* Work task *
Each line of the data below from the one holding "nat \<Rightarrow> real)" to the one holding "p = (\<Sum>n<N.", inclusive, is to be reproduced exactly; no other line belongs in the answer.

START Information provided

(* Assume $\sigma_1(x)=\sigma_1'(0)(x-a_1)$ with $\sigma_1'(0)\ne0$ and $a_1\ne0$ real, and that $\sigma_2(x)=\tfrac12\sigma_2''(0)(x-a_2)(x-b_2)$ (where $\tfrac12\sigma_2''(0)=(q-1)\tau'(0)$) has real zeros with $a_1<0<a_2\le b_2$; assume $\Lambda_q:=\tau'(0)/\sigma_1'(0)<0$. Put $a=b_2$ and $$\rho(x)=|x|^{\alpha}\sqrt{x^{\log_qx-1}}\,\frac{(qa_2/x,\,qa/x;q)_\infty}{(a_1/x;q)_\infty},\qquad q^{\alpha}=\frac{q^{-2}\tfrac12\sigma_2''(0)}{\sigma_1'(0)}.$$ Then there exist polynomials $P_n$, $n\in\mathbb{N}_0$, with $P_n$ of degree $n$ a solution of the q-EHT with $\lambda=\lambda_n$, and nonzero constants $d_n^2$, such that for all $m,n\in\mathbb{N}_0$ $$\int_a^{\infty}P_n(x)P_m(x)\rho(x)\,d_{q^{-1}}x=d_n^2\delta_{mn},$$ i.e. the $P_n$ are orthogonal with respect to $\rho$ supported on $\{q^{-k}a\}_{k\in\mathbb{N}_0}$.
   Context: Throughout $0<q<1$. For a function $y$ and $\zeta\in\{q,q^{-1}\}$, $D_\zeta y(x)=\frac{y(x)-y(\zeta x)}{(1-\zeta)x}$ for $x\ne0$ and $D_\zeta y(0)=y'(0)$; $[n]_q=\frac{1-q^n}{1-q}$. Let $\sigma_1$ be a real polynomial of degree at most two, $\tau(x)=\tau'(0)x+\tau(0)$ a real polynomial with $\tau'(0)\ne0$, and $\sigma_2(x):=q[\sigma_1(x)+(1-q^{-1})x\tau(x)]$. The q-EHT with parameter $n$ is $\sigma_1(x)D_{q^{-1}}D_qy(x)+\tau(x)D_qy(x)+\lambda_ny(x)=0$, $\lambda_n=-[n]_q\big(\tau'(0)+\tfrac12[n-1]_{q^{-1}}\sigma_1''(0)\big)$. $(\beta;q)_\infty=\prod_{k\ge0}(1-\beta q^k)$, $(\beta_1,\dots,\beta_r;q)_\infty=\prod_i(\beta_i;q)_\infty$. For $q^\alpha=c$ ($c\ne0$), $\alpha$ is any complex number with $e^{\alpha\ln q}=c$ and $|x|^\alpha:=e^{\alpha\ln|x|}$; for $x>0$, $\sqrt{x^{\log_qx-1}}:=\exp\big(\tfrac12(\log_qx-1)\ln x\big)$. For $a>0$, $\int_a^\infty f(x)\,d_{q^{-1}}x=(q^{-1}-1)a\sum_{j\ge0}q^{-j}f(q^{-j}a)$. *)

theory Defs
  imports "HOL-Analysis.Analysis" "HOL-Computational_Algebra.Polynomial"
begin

END Information provided
START Information provided

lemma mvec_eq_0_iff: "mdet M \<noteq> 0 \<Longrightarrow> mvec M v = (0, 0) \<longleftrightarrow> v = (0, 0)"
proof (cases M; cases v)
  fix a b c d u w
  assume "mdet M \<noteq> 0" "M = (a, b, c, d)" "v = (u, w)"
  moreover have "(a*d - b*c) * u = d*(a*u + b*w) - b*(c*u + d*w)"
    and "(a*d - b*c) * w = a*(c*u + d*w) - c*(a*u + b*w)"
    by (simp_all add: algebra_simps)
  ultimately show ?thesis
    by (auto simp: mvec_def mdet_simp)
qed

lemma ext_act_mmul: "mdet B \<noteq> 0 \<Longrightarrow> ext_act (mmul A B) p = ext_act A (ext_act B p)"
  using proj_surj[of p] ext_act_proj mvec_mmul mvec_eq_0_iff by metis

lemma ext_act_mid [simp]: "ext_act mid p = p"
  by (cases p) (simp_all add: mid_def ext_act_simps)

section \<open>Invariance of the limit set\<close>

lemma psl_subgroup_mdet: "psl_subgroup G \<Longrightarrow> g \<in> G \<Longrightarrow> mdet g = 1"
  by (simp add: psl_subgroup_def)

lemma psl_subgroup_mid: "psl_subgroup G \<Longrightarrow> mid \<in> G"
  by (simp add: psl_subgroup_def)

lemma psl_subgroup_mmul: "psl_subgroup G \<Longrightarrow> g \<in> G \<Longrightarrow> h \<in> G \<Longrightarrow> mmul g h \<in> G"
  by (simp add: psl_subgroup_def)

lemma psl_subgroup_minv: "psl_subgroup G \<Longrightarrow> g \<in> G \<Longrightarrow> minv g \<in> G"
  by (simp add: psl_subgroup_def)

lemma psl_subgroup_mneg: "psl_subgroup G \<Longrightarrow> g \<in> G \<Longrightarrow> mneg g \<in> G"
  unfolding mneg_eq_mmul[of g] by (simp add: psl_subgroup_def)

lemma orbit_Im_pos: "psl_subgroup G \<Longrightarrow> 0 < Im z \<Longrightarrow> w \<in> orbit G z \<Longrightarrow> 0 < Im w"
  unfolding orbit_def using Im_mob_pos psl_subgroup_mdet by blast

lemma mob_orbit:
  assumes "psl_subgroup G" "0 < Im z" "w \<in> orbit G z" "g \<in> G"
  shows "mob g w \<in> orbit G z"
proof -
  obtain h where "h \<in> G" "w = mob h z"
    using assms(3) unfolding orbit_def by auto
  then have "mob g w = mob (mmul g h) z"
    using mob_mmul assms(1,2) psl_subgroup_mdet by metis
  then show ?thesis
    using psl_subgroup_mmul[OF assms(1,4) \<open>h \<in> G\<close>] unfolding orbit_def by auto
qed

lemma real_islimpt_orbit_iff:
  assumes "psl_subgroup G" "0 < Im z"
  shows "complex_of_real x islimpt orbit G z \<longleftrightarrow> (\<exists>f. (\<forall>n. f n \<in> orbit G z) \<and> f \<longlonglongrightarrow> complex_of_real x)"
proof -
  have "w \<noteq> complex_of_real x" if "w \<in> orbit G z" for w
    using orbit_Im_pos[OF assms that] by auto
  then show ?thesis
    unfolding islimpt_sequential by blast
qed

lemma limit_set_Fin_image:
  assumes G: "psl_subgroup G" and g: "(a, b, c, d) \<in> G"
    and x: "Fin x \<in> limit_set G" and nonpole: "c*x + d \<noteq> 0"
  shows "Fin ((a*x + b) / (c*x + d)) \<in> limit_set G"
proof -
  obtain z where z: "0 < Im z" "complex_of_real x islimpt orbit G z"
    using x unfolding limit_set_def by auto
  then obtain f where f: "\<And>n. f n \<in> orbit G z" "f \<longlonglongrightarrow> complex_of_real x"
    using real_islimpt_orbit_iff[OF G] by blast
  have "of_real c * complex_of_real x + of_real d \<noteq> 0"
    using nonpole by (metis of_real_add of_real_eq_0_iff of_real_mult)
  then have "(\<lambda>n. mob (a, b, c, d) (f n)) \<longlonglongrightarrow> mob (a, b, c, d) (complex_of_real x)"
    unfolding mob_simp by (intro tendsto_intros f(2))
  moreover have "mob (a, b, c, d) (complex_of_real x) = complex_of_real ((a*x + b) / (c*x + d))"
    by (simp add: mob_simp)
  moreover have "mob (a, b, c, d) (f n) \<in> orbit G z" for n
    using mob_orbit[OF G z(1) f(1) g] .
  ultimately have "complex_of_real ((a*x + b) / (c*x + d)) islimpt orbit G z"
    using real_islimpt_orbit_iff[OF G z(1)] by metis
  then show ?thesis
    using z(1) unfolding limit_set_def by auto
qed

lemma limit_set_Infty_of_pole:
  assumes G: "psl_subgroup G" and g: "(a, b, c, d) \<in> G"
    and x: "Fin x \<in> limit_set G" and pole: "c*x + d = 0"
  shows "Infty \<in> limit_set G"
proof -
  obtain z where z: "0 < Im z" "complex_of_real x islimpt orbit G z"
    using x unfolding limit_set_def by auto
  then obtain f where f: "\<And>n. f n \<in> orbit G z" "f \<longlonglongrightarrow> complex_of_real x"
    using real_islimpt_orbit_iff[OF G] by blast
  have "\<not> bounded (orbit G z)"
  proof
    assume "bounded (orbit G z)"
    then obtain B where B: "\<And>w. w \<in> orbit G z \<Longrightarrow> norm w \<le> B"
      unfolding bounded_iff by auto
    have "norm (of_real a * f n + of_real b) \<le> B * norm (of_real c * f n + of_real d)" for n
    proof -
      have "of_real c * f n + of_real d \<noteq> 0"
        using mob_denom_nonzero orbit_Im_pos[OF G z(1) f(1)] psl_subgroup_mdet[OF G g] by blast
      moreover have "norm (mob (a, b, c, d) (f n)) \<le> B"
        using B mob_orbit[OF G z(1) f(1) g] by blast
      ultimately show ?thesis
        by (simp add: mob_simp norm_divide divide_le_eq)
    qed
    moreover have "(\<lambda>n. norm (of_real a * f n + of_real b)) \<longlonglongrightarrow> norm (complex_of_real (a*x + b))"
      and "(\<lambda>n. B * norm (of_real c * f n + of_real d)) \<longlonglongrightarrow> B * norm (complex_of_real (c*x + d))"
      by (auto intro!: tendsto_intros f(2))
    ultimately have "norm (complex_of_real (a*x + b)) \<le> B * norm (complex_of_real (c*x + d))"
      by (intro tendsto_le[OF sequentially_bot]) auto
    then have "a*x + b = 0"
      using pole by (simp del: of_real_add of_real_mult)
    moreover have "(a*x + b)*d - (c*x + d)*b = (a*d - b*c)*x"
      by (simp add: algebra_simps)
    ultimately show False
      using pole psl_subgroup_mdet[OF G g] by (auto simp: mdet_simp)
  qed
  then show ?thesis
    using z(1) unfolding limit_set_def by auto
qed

END Information provided
START Information provided

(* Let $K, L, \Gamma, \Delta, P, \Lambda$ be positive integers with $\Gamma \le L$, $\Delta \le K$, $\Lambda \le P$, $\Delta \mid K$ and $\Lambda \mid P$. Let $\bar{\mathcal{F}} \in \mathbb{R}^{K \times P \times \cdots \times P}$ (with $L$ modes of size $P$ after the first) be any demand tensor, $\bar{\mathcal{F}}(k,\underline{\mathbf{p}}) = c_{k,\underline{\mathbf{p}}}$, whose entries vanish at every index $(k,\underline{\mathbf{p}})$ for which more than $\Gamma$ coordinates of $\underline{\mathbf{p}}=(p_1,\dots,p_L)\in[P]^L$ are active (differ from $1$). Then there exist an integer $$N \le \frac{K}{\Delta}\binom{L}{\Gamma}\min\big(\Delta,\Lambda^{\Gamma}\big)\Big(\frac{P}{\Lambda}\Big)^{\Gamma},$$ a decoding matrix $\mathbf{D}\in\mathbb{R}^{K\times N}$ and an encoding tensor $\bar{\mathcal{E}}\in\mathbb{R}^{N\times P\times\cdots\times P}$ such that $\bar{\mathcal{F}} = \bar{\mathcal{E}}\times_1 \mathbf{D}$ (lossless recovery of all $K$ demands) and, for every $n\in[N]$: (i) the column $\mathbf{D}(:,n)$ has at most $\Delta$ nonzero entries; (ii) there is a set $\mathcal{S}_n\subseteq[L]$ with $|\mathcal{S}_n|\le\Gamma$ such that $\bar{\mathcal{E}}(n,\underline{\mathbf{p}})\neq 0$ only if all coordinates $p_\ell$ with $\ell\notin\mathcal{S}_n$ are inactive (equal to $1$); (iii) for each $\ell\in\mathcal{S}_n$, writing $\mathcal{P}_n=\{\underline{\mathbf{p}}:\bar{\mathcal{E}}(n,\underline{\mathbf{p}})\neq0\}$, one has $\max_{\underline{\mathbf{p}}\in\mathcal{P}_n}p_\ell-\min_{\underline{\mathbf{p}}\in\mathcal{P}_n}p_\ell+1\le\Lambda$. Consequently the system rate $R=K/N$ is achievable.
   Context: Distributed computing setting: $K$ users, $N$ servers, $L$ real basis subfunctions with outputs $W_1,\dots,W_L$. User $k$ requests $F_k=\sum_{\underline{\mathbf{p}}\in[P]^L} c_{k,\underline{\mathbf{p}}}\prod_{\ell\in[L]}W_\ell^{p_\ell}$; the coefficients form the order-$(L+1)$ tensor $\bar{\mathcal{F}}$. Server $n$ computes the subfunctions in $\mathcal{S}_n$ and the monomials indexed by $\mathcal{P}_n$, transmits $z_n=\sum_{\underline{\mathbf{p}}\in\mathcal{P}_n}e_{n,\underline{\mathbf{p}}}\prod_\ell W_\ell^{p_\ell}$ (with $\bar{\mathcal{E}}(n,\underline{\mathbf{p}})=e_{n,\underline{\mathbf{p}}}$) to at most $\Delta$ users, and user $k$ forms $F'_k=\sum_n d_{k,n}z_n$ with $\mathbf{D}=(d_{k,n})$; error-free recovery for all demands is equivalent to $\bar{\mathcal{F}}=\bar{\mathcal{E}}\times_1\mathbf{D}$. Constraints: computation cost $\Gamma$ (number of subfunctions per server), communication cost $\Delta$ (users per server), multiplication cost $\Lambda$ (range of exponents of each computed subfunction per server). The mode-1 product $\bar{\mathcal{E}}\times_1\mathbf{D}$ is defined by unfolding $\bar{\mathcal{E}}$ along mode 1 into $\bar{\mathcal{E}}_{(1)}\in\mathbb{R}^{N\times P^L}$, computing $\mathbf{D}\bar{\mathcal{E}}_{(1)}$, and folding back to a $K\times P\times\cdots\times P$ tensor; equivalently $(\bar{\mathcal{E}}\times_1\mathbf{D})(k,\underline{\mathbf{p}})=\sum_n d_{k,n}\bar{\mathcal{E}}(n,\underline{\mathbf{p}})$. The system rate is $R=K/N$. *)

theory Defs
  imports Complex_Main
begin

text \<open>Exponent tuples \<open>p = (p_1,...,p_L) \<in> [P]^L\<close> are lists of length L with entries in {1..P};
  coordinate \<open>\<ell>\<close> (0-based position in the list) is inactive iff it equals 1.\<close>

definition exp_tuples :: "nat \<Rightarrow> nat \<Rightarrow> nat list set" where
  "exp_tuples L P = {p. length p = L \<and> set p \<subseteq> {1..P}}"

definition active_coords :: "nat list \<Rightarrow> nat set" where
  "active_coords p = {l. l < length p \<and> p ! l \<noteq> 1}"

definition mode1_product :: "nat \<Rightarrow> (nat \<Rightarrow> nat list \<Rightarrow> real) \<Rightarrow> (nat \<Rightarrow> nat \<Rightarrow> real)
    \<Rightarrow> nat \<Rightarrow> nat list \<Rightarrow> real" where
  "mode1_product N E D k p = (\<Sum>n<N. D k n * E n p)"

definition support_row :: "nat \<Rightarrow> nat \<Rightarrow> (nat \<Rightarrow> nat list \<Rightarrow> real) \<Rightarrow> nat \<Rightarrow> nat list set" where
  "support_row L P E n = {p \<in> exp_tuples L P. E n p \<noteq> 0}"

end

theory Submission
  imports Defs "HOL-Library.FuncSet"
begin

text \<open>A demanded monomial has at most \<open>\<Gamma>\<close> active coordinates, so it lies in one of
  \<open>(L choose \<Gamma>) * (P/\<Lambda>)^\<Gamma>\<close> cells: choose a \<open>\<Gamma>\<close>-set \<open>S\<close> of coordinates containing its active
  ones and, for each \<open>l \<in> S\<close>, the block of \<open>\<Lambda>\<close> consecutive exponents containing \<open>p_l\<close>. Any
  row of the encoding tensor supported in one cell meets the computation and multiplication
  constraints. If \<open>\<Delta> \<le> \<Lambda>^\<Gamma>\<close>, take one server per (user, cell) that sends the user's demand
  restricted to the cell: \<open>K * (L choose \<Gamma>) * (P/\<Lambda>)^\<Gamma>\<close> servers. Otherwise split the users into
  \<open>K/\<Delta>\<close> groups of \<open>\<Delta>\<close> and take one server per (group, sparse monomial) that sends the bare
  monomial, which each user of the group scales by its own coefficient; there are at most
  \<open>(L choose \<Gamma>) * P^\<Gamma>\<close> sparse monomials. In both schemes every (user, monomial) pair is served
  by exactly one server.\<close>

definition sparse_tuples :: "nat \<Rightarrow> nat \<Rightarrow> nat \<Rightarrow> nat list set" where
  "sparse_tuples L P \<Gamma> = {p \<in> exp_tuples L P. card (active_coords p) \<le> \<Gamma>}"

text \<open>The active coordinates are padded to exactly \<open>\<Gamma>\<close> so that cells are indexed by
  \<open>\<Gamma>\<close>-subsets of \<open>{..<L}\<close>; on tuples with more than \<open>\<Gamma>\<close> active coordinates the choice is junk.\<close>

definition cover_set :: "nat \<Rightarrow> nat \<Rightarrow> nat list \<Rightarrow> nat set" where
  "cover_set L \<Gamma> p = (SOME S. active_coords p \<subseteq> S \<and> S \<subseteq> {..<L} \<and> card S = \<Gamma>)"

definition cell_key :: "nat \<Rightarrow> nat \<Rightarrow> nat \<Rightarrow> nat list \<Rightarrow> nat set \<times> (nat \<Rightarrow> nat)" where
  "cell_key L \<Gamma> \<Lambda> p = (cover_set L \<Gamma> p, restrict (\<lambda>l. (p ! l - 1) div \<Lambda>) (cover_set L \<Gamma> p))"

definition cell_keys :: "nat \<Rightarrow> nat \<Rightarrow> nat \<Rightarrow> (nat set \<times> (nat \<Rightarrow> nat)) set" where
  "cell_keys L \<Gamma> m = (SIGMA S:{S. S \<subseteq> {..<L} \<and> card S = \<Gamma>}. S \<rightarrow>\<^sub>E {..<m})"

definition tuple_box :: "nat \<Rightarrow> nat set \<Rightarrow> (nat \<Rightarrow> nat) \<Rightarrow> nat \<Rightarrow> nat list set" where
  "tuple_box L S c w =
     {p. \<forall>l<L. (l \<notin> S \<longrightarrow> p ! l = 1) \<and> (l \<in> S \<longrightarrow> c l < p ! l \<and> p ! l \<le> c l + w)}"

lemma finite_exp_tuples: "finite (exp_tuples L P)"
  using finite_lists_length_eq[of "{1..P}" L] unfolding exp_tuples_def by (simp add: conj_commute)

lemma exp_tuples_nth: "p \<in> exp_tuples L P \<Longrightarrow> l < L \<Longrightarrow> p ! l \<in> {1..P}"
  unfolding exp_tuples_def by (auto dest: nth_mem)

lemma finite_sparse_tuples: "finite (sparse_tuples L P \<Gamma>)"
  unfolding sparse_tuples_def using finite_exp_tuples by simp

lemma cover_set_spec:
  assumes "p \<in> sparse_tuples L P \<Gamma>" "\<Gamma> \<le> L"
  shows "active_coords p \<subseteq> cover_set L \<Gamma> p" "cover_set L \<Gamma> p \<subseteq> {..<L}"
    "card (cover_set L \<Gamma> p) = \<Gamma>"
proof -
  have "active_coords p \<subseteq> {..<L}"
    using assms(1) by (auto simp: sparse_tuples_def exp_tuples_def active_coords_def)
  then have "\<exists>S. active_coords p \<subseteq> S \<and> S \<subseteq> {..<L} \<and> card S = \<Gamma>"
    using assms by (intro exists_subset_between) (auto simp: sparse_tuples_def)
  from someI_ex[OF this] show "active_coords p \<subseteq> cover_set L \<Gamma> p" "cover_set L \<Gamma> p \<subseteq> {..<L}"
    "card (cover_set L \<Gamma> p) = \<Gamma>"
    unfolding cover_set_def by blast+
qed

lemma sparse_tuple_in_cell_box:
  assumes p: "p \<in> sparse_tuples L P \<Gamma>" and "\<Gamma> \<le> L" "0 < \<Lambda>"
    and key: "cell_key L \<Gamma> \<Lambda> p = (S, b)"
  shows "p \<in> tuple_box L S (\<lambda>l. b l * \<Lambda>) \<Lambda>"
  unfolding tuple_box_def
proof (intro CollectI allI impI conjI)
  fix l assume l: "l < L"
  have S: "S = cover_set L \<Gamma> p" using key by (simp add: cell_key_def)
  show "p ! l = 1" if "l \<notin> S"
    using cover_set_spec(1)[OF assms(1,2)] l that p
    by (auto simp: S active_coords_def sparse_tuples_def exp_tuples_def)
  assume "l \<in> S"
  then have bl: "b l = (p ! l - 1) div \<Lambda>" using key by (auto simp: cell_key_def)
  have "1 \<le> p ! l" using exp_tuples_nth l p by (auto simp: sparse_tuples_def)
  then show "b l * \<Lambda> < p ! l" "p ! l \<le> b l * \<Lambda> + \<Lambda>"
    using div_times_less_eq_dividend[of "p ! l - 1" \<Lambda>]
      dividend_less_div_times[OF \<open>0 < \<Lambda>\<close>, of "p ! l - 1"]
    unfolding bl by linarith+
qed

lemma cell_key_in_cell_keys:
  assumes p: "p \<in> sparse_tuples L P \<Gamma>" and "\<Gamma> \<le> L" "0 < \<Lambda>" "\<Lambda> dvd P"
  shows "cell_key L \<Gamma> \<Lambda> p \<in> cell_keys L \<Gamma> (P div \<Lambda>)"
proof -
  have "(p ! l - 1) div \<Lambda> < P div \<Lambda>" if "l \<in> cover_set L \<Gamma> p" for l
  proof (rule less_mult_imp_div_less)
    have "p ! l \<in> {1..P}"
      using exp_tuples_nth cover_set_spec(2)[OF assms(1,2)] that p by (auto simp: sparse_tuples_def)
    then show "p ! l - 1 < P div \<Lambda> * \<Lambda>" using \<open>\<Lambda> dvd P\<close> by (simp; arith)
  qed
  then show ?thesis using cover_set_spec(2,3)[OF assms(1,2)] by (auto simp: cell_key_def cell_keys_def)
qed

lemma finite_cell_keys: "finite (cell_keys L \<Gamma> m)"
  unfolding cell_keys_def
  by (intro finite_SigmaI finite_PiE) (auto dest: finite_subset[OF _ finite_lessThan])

END Information provided

* Response to this exercise *
definition mode1_product :: "nat \<Rightarrow> (nat \<Rightarrow> nat list \<Rightarrow> real) \<Rightarrow> (nat \<Rightarrow> nat \<Rightarrow> real)
    \<Rightarrow> nat \<Rightarrow> nat list \<Rightarrow> real" where
  "mode1_product N E D k p = (\<Sum>n<N. D k n * E n p)"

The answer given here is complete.